MATERIAL FOR THIS TASK ▸
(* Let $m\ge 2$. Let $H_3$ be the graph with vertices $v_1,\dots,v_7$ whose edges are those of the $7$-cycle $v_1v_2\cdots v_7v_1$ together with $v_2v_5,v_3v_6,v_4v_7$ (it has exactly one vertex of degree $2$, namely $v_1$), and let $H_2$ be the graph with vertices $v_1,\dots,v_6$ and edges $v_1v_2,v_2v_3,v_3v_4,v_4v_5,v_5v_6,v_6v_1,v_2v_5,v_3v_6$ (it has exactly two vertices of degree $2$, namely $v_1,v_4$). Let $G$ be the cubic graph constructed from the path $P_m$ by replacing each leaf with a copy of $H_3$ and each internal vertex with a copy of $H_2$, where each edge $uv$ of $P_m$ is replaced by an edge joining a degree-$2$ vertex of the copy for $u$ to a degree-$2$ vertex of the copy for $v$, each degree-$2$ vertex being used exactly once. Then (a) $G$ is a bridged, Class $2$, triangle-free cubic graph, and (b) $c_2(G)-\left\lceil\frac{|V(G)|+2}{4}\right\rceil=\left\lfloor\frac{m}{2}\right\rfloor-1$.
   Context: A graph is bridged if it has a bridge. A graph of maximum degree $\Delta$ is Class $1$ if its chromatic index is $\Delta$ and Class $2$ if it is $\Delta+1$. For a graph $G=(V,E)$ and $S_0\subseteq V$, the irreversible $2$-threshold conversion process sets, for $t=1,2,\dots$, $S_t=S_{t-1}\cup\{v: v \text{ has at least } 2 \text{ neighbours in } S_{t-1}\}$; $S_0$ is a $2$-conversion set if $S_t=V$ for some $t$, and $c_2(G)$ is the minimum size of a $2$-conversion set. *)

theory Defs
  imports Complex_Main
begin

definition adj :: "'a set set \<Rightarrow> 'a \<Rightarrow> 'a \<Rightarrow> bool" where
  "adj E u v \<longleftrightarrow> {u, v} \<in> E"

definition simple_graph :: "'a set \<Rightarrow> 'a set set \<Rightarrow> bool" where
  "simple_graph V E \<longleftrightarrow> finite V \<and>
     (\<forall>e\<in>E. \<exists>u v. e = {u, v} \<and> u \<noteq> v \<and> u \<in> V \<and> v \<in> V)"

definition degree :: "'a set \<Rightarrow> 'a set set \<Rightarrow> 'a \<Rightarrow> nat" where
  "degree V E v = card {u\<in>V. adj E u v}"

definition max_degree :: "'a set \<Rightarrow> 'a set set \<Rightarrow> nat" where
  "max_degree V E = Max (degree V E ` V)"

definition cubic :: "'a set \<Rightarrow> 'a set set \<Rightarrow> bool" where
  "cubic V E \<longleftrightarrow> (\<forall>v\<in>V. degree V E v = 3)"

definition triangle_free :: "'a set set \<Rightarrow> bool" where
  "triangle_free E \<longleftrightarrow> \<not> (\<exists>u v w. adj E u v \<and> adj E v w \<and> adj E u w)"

PROBLEM DETAILS ▸ A word-for-word copy of all the entries above is required.

SOLUTION TO THIS EXERCISE ▸
(* Let $m\ge 2$. Let $H_3$ be the graph with vertices $v_1,\dots,v_7$ whose edges are those of the $7$-cycle $v_1v_2\cdots v_7v_1$ together with $v_2v_5,v_3v_6,v_4v_7$ (it has exactly one vertex of degree $2$, namely $v_1$), and let $H_2$ be the graph with vertices $v_1,\dots,v_6$ and edges $v_1v_2,v_2v_3,v_3v_4,v_4v_5,v_5v_6,v_6v_1,v_2v_5,v_3v_6$ (it has exactly two vertices of degree $2$, namely $v_1,v_4$). Let $G$ be the cubic graph constructed from the path $P_m$ by replacing each leaf with a copy of $H_3$ and each internal vertex with a copy of $H_2$, where each edge $uv$ of $P_m$ is replaced by an edge joining a degree-$2$ vertex of the copy for $u$ to a degree-$2$ vertex of the copy for $v$, each degree-$2$ vertex being used exactly once. Then (a) $G$ is a bridged, Class $2$, triangle-free cubic graph, and (b) $c_2(G)-\left\lceil\frac{|V(G)|+2}{4}\right\rceil=\left\lfloor\frac{m}{2}\right\rfloor-1$.
   Context: A graph is bridged if it has a bridge. A graph of maximum degree $\Delta$ is Class $1$ if its chromatic index is $\Delta$ and Class $2$ if it is $\Delta+1$. For a graph $G=(V,E)$ and $S_0\subseteq V$, the irreversible $2$-threshold conversion process sets, for $t=1,2,\dots$, $S_t=S_{t-1}\cup\{v: v \text{ has at least } 2 \text{ neighbours in } S_{t-1}\}$; $S_0$ is a $2$-conversion set if $S_t=V$ for some $t$, and $c_2(G)$ is the minimum size of a $2$-conversion set. *)

theory Defs
  imports Complex_Main
begin

definition adj :: "'a set set \<Rightarrow> 'a \<Rightarrow> 'a \<Rightarrow> bool" where
  "adj E u v \<longleftrightarrow> {u, v} \<in> E"

definition simple_graph :: "'a set \<Rightarrow> 'a set set \<Rightarrow> bool" where
  "simple_graph V E \<longleftrightarrow> finite V \<and>
     (\<forall>e\<in>E. \<exists>u v. e = {u, v} \<and> u \<noteq> v \<and> u \<in> V \<and> v \<in> V)"

definition degree :: "'a set \<Rightarrow> 'a set set \<Rightarrow> 'a \<Rightarrow> nat" where
  "degree V E v = card {u\<in>V. adj E u v}"

definition max_degree :: "'a set \<Rightarrow> 'a set set \<Rightarrow> nat" where
  "max_degree V E = Max (degree V E ` V)"

definition cubic :: "'a set \<Rightarrow> 'a set set \<Rightarrow> bool" where
  "cubic V E \<longleftrightarrow> (\<forall>v\<in>V. degree V E v = 3)"

definition triangle_free :: "'a set set \<Rightarrow> bool" where
  "triangle_free E \<longleftrightarrow> \<not> (\<exists>u v w. adj E u v \<and> adj E v w \<and> adj E u w)"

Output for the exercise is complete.